Calanthe sorriu, e Geralt, pela primeira vez naquela noite, esteve propenso a reconhecer que seu

sorriso fora espontâneo e sincero.

– Meu genro expressou-se muito bem. A seu discurso, devo acrescentar duas palavras. Apenas

duas: “Perdão, Geralt.”

– E volto a repetir – disse Duny. – O que deseja de mim?

Geralt adotou um ar sério e falou:

– Duny, Calanthe, Pavetta e você, valente cavaleiro Tuirseach, futuro rei de Cintra. Para se tornar

bruxo, é preciso ter nascido sob a sombra do destino, e não são muito os que nascem nessas condições.

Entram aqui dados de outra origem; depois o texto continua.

lemma bellman_before_deadline:
  "t \<le> tau S n \<Longrightarrow> bellman S n lam e z t W = - lam * e + z * beta S n + (1 - z) * W"
  by (simp add: bellman_def reward_cap_def carry_weight_def algebra_simps)

lemma bellman_first_after_deadline:
  "bellman S n lam e z (Suc (tau S n)) W =
     - lam * e + z * p_tp S n * beta S n + p_tp S n * (1 - z) * W"
  by (simp add: bellman_def reward_cap_def carry_weight_def algebra_simps)

lemma bellman_later_after_deadline:
  "Suc (tau S n) < t \<Longrightarrow>
     bellman S n lam e z t W = - lam * e + z * p_tp S n * beta S n + (1 - z) * W"
  by (simp add: bellman_def reward_cap_def carry_weight_def algebra_simps)

lemma VI_Suc_bellman:
  "VI S n lam (Suc t) i = Max ((\<lambda>e. bellman S n lam e (zeta S n i e) (Suc t)
     (\<Sum>j\<in>{1..nstates S n}. trans S n i j * VI S n lam t j)) ` energies S)"
  by (auto simp: bellman_def reward_cap_def carry_weight_def Let_def algebra_simps
      intro!: arg_cong[where f = Max] image_cong)

declare VI.simps(2) [simp del]

lemma bellman_mono_success:
  assumes "z \<le> z'" "carry_weight S n t * W \<le> reward_cap S n t"
  shows "bellman S n lam e z t W \<le> bellman S n lam e z' t W"
  using assms mult_right_mono[of z z' "reward_cap S n t - carry_weight S n t * W"]
  by (simp add: bellman_def)

lemma bellman_le_optimistic:
  fixes M :: real
  assumes "0 \<le> z" "z \<le> z'" "M \<le> carry_weight S n t * W" "M \<le> reward_cap S n t"
  shows "bellman S n lam e z t W \<le>
     - lam * e + z' * (reward_cap S n t - M) + carry_weight S n t * W"
proof -
  have "z * (reward_cap S n t - carry_weight S n t * W) \<le> z * (reward_cap S n t - M)"
    using assms by (intro mult_left_mono) auto
  also have "\<dots> \<le> z' * (reward_cap S n t - M)"
    using assms by (intro mult_right_mono) auto
  finally show ?thesis by (simp add: bellman_def)
qed

text \<open>The value of spending energy \<open>e\<close> in every slot when each slot succeeds with probability
  \<open>z\<close>.\<close>

fun stationary_value :: "system \<Rightarrow> nat \<Rightarrow> real \<Rightarrow> real \<Rightarrow> real \<Rightarrow> nat \<Rightarrow> real" where
  "stationary_value S n lam e z 0 = 0"
| "stationary_value S n lam e z (Suc t) = bellman S n lam e z (Suc t) (stationary_value S n lam e z t)"

lemma stationary_value_before_deadline:
  assumes "z \<noteq> 0" "t \<le> tau S n"
  shows "stationary_value S n lam e z t = (1 - (1 - z) ^ t) / z * (- lam * e + z * beta S n)"
  using assms(2)
proof (induction t)
  case (Suc t)
  then have "stationary_value S n lam e z (Suc t)
      = - lam * e + z * beta S n + (1 - z) * ((1 - (1 - z) ^ t) / z * (- lam * e + z * beta S n))"
    by (simp add: bellman_before_deadline)
  also have "\<dots> = (1 - (1 - z) ^ Suc t) / z * (- lam * e + z * beta S n)"
    using assms(1) by (simp add: field_simps)
  finally show ?case .
qed simp

lemma stationary_value_after_deadline:
  assumes "z \<noteq> 0"
  shows "stationary_value S n lam e z (tau S n + Suc k) =
     - (1 - p_tp S n) * ((1 - (1 - z) ^ Suc k) / z) * lam * e
     + p_tp S n * ((1 - (1 - z) ^ (tau S n + Suc k)) / z) * (- lam * e + z * beta S n)"
proof (induction k)
  case 0
  have "stationary_value S n lam e z (tau S n) =
      (1 - (1 - z) ^ tau S n) / z * (- lam * e + z * beta S n)"
    using stationary_value_before_deadline[OF assms] by simp
  then have "stationary_value S n lam e z (tau S n + Suc 0) = - lam * e + z * p_tp S n * beta S n
      + p_tp S n * (1 - z) * ((1 - (1 - z) ^ tau S n) / z * (- lam * e + z * beta S n))"
    by (simp add: bellman_first_after_deadline)
  also have "\<dots> = - (1 - p_tp S n) * ((1 - (1 - z) ^ Suc 0) / z) * lam * e
     + p_tp S n * ((1 - (1 - z) ^ (tau S n + Suc 0)) / z) * (- lam * e + z * beta S n)"
    using assms by (simp add: field_simps)
  finally show ?case .
next
  case (Suc k)
  then have "stationary_value S n lam e z (tau S n + Suc (Suc k)) = - lam * e + z * p_tp S n * beta S n
      + (1 - z) * (- (1 - p_tp S n) * ((1 - (1 - z) ^ Suc k) / z) * lam * e
        + p_tp S n * ((1 - (1 - z) ^ (tau S n + Suc k)) / z) * (- lam * e + z * beta S n))"
    by (simp add: bellman_later_after_deadline)
  also have "\<dots> = - (1 - p_tp S n) * ((1 - (1 - z) ^ Suc (Suc k)) / z) * lam * e
     + p_tp S n * ((1 - (1 - z) ^ (tau S n + Suc (Suc k))) / z) * (- lam * e + z * beta S n)"
    using assms by (simp add: field_simps)
  finally show ?case .
qed

locale user_at_price =
  fixes S :: system and n :: nat and lam :: real
  assumes valid: "valid_system S" and user: "n < num_users S" and price_nonneg: "0 \<le> lam"
begin

abbreviation states :: "nat set" where
  "states \<equiv> {1..nstates S n}"

abbreviation positive_energies :: "real set" where
  "positive_energies \<equiv> {e \<in> energies S. 0 < e}"

abbreviation expected_next :: "nat \<Rightarrow> nat \<Rightarrow> real" where
  "expected_next i t \<equiv> \<Sum>j\<in>states. trans S n i j * VI S n lam t j"

lemma energies_finite: "finite (energies S)"
  and zero_energy: "0 \<in> energies S"
  and energy_nonneg: "e \<in> energies S \<Longrightarrow> 0 \<le> e"
  and positive_energies_nonempty: "positive_energies \<noteq> {}"
  using valid unfolding valid_system_def by auto

lemma positive_energies_finite: "finite positive_energies"
  using energies_finite by simp

lemma p_tp_nonneg: "0 \<le> p_tp S n"
  and q_fn_nonneg: "0 \<le> q_fn S n"
  and q_fn_less_p_tp: "q_fn S n < p_tp S n"
  and arrival_nonneg: "0 \<le> arrival S n"
  and arrival_bounds: "a_max S * q_fn S n \<le> arrival S n" "arrival S n \<le> a_max S * p_tp S n"
  and beta_nonneg: "0 \<le> beta S n"
  and delay_pos: "1 \<le> delay S n"
  using valid user unfolding valid_system_def by (auto simp: field_simps)

lemma zeta_bounds: "i \<in> states \<Longrightarrow> e \<in> energies S \<Longrightarrow> 0 \<le> zeta S n i e \<and> zeta S n i e \<le> 1"
  and zeta_zero: "i \<in> states \<Longrightarrow> zeta S n i 0 = 0"
  and zeta_pos: "i \<in> states \<Longrightarrow> e \<in> energies S \<Longrightarrow> 0 < e \<Longrightarrow> 0 < zeta S n i e"
  and zeta_between_extremes: "i \<in> states \<Longrightarrow> e \<in> energies S \<Longrightarrow>
      zeta S n (i_min S n) e \<le> zeta S n i e \<and> zeta S n i e \<le> zeta S n (i_max S n) e"
  and i_min_state: "i_min S n \<in> states"
  using valid user unfolding valid_system_def by auto

lemma trans_nonneg: "i \<in> states \<Longrightarrow> j \<in> states \<Longrightarrow> 0 \<le> trans S n i j"
  and trans_sum: "i \<in> states \<Longrightarrow> (\<Sum>j\<in>states. trans S n i j) = 1"
  and eta_nonneg: "i \<in> states \<Longrightarrow> 0 \<le> eta S n i"
  and eta_sum: "(\<Sum>i\<in>states. eta S n i) = 1"
  using valid user unfolding valid_system_def by auto

lemma carry_weight_nonneg: "0 \<le> carry_weight S n t"
  using p_tp_nonneg by (simp add: carry_weight_def)

lemma reward_cap_nonneg: "0 \<le> reward_cap S n t"
  using p_tp_nonneg beta_nonneg by (simp add: reward_cap_def)

lemma carry_weight_mult_le_reward_cap:
  assumes "W \<le> reward_cap S n t"
  shows "carry_weight S n (Suc t) * W \<le> reward_cap S n (Suc t)"
  using assms p_tp_nonneg mult_left_mono[of W "beta S n" "p_tp S n"]
  by (auto simp: carry_weight_def reward_cap_def)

É por isso que somos tão poucos. Envelhecemos, morremos e não temos a quem transmitir nosso

conhecimento e nossas aptidões. Faltam-nos substitutos, e este mundo está cheio do Mal, que apenas

espera que sumamos de vez.

– Geralt… – sussurrou Calanthe.

– Sim, rainha, não está equivocada. Duny! Você me dará aquilo que já possui e que ainda não sabe.

Voltarei a Cintra dentro de seis anos, para verificar se o destino foi generoso comigo.

– Pavetta – falou Duny, arregalando os olhos. – Não me diga que você…

– Pavetta! – exclamou Calanthe. – Será possível que você estaria… Você está…

A princesa corou e abaixou os olhos. Depois, respondeu.